(Records excerpted from a collection)
·····

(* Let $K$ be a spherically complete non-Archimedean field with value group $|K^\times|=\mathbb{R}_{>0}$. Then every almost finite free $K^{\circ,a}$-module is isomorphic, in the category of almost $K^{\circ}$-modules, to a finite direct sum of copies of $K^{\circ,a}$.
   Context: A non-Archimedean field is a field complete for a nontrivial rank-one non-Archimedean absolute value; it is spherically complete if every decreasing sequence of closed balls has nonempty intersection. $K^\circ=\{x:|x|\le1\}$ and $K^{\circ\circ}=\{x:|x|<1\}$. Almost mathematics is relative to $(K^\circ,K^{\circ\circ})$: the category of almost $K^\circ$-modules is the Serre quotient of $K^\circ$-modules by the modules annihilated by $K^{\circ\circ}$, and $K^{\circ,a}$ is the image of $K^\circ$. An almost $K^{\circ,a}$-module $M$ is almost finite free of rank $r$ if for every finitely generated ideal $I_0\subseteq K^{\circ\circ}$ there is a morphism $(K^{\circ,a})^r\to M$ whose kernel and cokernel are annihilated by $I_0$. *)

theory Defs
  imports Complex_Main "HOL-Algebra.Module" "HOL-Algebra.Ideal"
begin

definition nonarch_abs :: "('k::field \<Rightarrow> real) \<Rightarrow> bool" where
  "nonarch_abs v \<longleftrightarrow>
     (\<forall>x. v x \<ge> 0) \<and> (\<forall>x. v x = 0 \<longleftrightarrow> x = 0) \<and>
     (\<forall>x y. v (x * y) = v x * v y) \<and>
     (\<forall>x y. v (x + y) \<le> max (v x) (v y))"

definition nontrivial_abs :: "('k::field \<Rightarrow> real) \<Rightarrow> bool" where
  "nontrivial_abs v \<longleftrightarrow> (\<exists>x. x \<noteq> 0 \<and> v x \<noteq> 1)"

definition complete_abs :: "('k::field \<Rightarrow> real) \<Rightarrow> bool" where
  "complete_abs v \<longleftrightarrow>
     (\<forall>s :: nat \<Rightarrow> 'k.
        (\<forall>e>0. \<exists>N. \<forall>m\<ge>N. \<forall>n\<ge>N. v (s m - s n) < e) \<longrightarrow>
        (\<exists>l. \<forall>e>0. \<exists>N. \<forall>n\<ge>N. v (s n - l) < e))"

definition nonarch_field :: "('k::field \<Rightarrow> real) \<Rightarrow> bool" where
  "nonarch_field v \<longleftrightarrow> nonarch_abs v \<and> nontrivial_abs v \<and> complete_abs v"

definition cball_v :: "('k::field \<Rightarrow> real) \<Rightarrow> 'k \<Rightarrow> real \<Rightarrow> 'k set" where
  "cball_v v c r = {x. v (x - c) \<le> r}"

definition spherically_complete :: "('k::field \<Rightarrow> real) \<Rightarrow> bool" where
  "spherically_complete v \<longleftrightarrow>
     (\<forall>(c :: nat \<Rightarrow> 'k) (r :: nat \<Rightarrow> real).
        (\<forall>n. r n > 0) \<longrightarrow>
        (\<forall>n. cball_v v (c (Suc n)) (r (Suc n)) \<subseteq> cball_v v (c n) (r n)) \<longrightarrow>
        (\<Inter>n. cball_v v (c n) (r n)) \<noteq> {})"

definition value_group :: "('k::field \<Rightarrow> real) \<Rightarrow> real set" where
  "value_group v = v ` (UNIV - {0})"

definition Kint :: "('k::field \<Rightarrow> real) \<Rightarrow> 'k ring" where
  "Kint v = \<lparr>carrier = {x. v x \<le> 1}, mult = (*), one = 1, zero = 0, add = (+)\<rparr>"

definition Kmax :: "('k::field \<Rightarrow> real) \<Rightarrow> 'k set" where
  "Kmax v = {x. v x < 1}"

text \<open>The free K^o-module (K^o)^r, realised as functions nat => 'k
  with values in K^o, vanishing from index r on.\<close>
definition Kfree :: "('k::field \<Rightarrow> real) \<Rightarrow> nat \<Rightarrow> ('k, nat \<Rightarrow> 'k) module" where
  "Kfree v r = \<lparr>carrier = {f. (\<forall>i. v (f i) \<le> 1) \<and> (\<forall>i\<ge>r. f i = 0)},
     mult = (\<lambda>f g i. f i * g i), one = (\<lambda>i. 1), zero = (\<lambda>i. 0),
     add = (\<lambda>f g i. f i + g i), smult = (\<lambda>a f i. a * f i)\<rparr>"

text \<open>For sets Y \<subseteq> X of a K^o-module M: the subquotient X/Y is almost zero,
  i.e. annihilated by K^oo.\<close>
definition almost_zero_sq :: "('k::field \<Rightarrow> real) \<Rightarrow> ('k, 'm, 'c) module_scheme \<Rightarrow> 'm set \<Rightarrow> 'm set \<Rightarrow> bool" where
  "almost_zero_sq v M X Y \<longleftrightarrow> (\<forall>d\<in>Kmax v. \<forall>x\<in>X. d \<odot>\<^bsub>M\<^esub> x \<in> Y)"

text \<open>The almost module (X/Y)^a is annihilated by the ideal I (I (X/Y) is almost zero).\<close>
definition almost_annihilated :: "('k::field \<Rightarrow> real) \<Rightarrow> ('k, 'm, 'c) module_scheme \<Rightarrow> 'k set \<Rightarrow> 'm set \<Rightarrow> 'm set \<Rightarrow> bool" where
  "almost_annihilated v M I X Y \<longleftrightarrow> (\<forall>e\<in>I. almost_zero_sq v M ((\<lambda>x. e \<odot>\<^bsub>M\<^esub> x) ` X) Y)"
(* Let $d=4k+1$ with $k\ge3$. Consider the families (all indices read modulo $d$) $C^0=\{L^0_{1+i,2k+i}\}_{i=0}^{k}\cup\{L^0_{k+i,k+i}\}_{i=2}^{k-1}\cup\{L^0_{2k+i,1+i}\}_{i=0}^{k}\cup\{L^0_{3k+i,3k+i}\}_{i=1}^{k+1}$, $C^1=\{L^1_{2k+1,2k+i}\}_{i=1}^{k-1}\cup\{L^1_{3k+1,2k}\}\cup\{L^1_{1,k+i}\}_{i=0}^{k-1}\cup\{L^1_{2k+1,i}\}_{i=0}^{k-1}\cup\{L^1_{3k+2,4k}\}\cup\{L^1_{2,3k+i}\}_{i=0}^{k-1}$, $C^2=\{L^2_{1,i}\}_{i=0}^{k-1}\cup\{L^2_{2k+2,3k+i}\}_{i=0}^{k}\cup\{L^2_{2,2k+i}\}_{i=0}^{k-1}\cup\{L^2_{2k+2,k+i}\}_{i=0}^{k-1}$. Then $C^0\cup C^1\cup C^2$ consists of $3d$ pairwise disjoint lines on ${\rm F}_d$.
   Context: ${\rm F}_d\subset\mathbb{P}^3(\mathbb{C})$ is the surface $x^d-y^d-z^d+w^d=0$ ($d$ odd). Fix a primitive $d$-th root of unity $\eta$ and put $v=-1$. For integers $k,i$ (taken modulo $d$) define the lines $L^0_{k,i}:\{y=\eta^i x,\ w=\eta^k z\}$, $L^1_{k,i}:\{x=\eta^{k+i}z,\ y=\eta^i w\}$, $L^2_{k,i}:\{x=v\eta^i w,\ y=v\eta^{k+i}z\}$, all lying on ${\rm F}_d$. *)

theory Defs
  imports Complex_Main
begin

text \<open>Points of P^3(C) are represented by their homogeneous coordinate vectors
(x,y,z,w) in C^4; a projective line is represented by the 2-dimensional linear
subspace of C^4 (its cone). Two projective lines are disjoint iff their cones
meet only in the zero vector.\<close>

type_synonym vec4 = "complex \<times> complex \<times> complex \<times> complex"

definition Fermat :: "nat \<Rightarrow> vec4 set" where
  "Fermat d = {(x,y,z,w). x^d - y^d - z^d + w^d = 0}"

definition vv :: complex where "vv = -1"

·····

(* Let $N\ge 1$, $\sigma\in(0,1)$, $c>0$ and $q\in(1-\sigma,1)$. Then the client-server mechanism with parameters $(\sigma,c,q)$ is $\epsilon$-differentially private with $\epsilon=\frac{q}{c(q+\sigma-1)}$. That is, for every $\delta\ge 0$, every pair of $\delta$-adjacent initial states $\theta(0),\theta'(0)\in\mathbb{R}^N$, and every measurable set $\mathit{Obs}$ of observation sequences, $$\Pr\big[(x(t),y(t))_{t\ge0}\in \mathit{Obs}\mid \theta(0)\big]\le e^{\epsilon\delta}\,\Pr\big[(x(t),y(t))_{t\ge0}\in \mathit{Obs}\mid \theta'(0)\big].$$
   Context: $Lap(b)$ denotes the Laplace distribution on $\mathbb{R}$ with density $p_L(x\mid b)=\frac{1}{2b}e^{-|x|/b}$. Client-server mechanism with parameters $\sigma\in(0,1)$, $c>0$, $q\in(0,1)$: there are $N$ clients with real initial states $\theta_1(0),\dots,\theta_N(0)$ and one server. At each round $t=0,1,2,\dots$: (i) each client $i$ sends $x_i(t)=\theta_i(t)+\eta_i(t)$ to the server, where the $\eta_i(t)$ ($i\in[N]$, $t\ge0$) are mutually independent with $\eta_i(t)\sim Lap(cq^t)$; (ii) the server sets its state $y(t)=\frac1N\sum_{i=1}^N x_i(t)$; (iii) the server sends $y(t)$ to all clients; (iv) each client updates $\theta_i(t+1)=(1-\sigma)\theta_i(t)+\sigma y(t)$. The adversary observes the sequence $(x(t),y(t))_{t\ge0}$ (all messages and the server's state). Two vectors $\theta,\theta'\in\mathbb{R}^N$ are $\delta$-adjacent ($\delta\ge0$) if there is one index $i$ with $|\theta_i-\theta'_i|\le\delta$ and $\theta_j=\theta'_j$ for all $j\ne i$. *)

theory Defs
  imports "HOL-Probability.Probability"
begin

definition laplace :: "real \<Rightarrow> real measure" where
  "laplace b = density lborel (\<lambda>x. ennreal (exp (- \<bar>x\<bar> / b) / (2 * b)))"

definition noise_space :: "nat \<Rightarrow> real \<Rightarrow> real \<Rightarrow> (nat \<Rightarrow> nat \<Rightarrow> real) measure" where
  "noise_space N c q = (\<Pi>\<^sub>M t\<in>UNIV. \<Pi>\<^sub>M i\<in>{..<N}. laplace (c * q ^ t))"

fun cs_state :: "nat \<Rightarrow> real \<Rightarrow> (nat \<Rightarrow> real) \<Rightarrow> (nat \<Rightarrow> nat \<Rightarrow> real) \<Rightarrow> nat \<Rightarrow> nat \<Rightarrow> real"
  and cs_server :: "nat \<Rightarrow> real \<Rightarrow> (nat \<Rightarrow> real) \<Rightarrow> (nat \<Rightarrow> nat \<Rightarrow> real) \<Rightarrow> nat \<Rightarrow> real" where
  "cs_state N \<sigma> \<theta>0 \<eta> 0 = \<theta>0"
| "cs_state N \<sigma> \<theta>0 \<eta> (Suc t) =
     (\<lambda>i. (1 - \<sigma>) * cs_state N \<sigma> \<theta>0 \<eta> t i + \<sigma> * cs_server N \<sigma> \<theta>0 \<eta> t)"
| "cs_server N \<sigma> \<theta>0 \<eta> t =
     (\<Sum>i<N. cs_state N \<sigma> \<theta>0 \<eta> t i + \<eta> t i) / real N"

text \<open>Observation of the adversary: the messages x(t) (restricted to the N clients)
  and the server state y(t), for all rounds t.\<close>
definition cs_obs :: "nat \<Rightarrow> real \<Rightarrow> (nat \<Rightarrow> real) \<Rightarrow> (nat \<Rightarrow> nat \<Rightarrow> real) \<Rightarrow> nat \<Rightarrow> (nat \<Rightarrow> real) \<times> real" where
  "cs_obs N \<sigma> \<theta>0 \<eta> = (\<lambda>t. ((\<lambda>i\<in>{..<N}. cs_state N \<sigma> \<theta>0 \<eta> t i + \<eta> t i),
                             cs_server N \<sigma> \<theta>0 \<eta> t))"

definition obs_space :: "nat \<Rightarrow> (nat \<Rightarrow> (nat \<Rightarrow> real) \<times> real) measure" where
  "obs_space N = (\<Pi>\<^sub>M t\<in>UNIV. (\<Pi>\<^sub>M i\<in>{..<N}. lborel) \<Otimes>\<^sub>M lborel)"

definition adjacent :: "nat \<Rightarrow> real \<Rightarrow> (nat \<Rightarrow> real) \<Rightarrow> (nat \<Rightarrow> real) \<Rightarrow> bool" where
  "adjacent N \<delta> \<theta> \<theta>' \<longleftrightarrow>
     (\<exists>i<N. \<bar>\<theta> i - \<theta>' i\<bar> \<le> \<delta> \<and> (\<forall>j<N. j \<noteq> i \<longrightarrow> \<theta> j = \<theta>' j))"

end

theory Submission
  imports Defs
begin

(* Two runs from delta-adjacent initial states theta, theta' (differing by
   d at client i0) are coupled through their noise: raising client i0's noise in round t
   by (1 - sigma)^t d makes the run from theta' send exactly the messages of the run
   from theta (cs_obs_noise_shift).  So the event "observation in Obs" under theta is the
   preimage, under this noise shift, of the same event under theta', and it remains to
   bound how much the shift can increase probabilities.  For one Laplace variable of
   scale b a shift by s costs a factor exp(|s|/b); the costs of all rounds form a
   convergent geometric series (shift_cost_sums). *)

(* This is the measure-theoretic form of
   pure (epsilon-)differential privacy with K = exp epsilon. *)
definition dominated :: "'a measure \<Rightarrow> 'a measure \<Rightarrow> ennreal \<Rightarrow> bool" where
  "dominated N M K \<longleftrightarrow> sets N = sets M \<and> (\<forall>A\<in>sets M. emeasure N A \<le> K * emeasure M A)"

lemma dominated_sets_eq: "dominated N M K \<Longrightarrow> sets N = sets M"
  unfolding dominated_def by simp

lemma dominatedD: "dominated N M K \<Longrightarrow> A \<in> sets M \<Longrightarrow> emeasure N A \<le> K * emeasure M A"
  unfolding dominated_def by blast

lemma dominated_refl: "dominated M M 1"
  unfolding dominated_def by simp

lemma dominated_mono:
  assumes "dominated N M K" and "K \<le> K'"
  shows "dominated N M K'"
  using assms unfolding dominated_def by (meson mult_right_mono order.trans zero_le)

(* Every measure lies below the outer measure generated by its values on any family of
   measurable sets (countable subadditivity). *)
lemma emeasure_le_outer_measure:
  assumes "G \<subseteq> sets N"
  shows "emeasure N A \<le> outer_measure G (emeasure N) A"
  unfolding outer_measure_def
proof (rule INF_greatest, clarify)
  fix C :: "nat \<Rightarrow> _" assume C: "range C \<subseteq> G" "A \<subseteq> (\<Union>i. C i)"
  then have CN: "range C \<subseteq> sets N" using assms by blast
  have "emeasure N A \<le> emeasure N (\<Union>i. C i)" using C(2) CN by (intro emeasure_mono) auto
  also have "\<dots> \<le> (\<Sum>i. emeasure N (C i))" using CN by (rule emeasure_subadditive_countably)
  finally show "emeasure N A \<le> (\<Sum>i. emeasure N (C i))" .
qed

·····

Task: Which of the lines above hold the word "values"? Copy each one.

Reply to the exercise:
  with values in K^o, vanishing from index r on.\<close>
(* Every measure lies below the outer measure generated by its values on any family of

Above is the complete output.